New features for developers and Claude Code users

A few other things launched alongside 4.7 that are worth knowing about.

In Claude Code, there’s a new /ultrareview command. You run it and it does a dedicated review session on your code changes — reads through everything, flags bugs, spots design issues that a careful reviewer would catch. Anthropic is giving Pro and Max Claude Code users three free ultrareviews to try it. I'm interested in this one specifically for the kind of deep-state issues that the model would normally miss in a quick pass — logic errors that only appear in edge cases, that sort of thing. Whether it actually catches those or just flags style issues remains to be seen.

They also extended “auto mode” to Max users. This is a permissions option where Claude makes decisions on your behalf during longer tasks, rather than stopping to ask every time. So you can run a long agentic task and come back when it’s done rather than babysitting it. The risk is it also means Claude might take actions you didn’t specifically approve. Anthropic describes it as “fewer interruptions but with less risk than skipping all permissions” — which is sort of the least reassuring way to frame it, but the idea is sound.

For API developers, there are task budgets in public beta now. You give Claude a token budget for a long run, and it can prioritize its work across that budget. If you’ve ever had Claude spend 80% of its budget on the first 20% of a task and then run out before finishing, this is meant to solve that. This part still feels early to me the description is vague but it’s a real problem that needs solving for production agentic systems, so good that they’re working on it.

Should you upgrade from 4.6?

For coding and agentic work: yes. Cursor, CodeRabbit, Replit, Warp, Notion, Factory, and Rakuten all saw double-digit improvements.
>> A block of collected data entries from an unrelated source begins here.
lemma best_deviation:
  assumes "valid s" "u \<in> U" "\<not> br s u"
  obtains b where "b \<in> opts s u" "pay s u < dev s u b" "\<forall>q\<in>opts s u. dev s u q \<le> dev s u b"
proof -
  have "\<not> (\<forall>q\<in>opts s u. dev s u q \<le> pay s u)"
    using br_iff_dev[OF assms(1,2)] assms(3) by simp
  then obtain q where q: "q \<in> opts s u" "pay s u < dev s u q"
    by (auto simp: not_le)
  have fin: "finite (opts s u)"
    using finite_subset[OF opts_subset_resources finite_resources] assms(1,2) by blast
  then obtain b where b: "b \<in> opts s u" "Max (dev s u ` opts s u) = dev s u b"
    using obtains_MAX[OF fin] q(1) by blast
  have "\<forall>q\<in>opts s u. dev s u q \<le> dev s u b"
    using fin b(2) Max_ge by (metis finite_imageI imageI)
  with b(1) q show thesis
    using that by force
qed

end

section \<open>Best-reply paths after one unit deviates\<close>

locale unit_congestion_game_from = unit_congestion_game +
  fixes s1 and M
  assumes valid_s1: "valid s1" and M_subset: "M \<subseteq> U"
begin

abbreviation L0 where "L0 \<equiv> load s1"

text \<open>
  M is the set of units that have to best-respond in the end. V C r and W C r are the values of r
  to a unit of cell C at its load in s1 and after one more unit joins it.
\<close>

definition V where "V C r = F C r (L0 r)"

definition W where "W C r = F C r (Suc (L0 r))"

definition satisfied where
  "satisfied s u \<longleftrightarrow> L0 (pos s u) = 0 \<or> (\<forall>q\<in>opts s u. W (cell u) q \<le> V (cell u) (pos s u))"

definition tail_stable where
  "tail_stable s u \<longleftrightarrow> (\<forall>q\<in>opts s u. W (cell u) q \<le> W (cell u) (pos s u))"

definition shifted where
  "shifted s T H \<longleftrightarrow> (\<forall>r. load s r + of_bool (r = H) = L0 r + of_bool (r = T))"

definition invariant where
  "invariant s T H \<longleftrightarrow> valid s \<and> shifted s T H \<and> (\<forall>u\<in>M. satisfied s u)"

definition settles where
  "settles s \<longleftrightarrow> (\<exists>s'. improves\<^sup>*\<^sup>* s s' \<and> (\<forall>u\<in>M. br s' u))"

definition rank_sum where
  "rank_sum f s = (\<Sum>u\<in>M. value_rank (f (cell u)) (R (cell u)) (pos s u))"

lemma settles_step: "improves s s' \<Longrightarrow> settles s' \<Longrightarrow> settles s"
  unfolding settles_def by (meson converse_rtranclp_into_rtranclp)

lemma settles_if_best_responding: "\<forall>u\<in>M. br s u \<Longrightarrow> settles s"
  unfolding settles_def by blast

lemma W_le_V: "u \<in> U \<Longrightarrow> r \<in> R (cell u) \<Longrightarrow> 0 < L0 r \<Longrightarrow> W (cell u) r \<le> V (cell u) r"
  unfolding W_def V_def by (rule F_antimono) auto

lemma rank_sum_move_less:
  assumes "valid s" "u \<in> M" "q \<in> opts s u" "f (cell u) (pos s u) < f (cell u) q"
  shows "rank_sum f (move s u q) < rank_sum f s"
proof -
  let ?rk = "\<lambda>s w. value_rank (f (cell w)) (R (cell w)) (pos s w)"
  have u: "u \<in> U"
    using assms(2) M_subset by blast
  have fin: "finite M"
    using finite_subset[OF M_subset finite_units] .
  have q: "q \<in> R (cell u)"
    using opts_subset_resources[OF assms(1) u] assms(3) by blast
  have others: "(\<Sum>w\<in>M - {u}. ?rk (move s u q) w) = (\<Sum>w\<in>M - {u}. ?rk s w)"
    using pos_move[OF assms(1) u assms(3)] M_subset by (intro sum.cong) auto
  have "?rk (move s u q) u < ?rk s u"
    using pos_move[OF assms(1) u assms(3) u] value_rank_less[OF finite_resources[OF u] q assms(4)]
    by simp
  then show ?thesis
    unfolding rank_sum_def sum.remove[OF fin assms(2)] others by simp
qed

lemma shifted_load:
  assumes "shifted s T H" "T \<noteq> H"
  shows shifted_load_tail: "load s T = Suc (L0 T)"
    and shifted_load_head: "Suc (load s H) = L0 H"
    and shifted_load_other: "r \<noteq> T \<Longrightarrow> r \<noteq> H \<Longrightarrow> load s r = L0 r"
  using assms unfolding shifted_def
  by (metis add.commute add_cancel_right_right of_bool_eq plus_1_eq_Suc)+

lemma shifted_balanced: "shifted s T T \<Longrightarrow> load s r = L0 r"
  unfolding shifted_def by (metis add_right_cancel)

lemma shifted_initial: "shifted s1 r r"
  unfolding shifted_def by simp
The gains are real enough across enough different companies that there’s no question about the direction.

For document analysis, finance, and research: also a clear yes based on the data.

The things to manage on your end: measure your actual token costs before and after if you run high-volume workloads, test your existing prompts for behavior changes from stricter instruction following, and re-tune anything with ambiguous wording. None of these are reasons not to upgrade they’re just things to handle so you don’t get surprised.

For everyone using claude.ai in the browser: nothing to do. The upgrade is already there.

The migration guide in Anthropic’s docs has specific advice on tuning effort levels to manage token usage. Worth reading if you run anything at scale. And when the Glasswing report comes out in July, that’ll be the real signal of what Mythos Preview is actually capable of and whether any of this is moving as fast as Anthropic seems to think it is.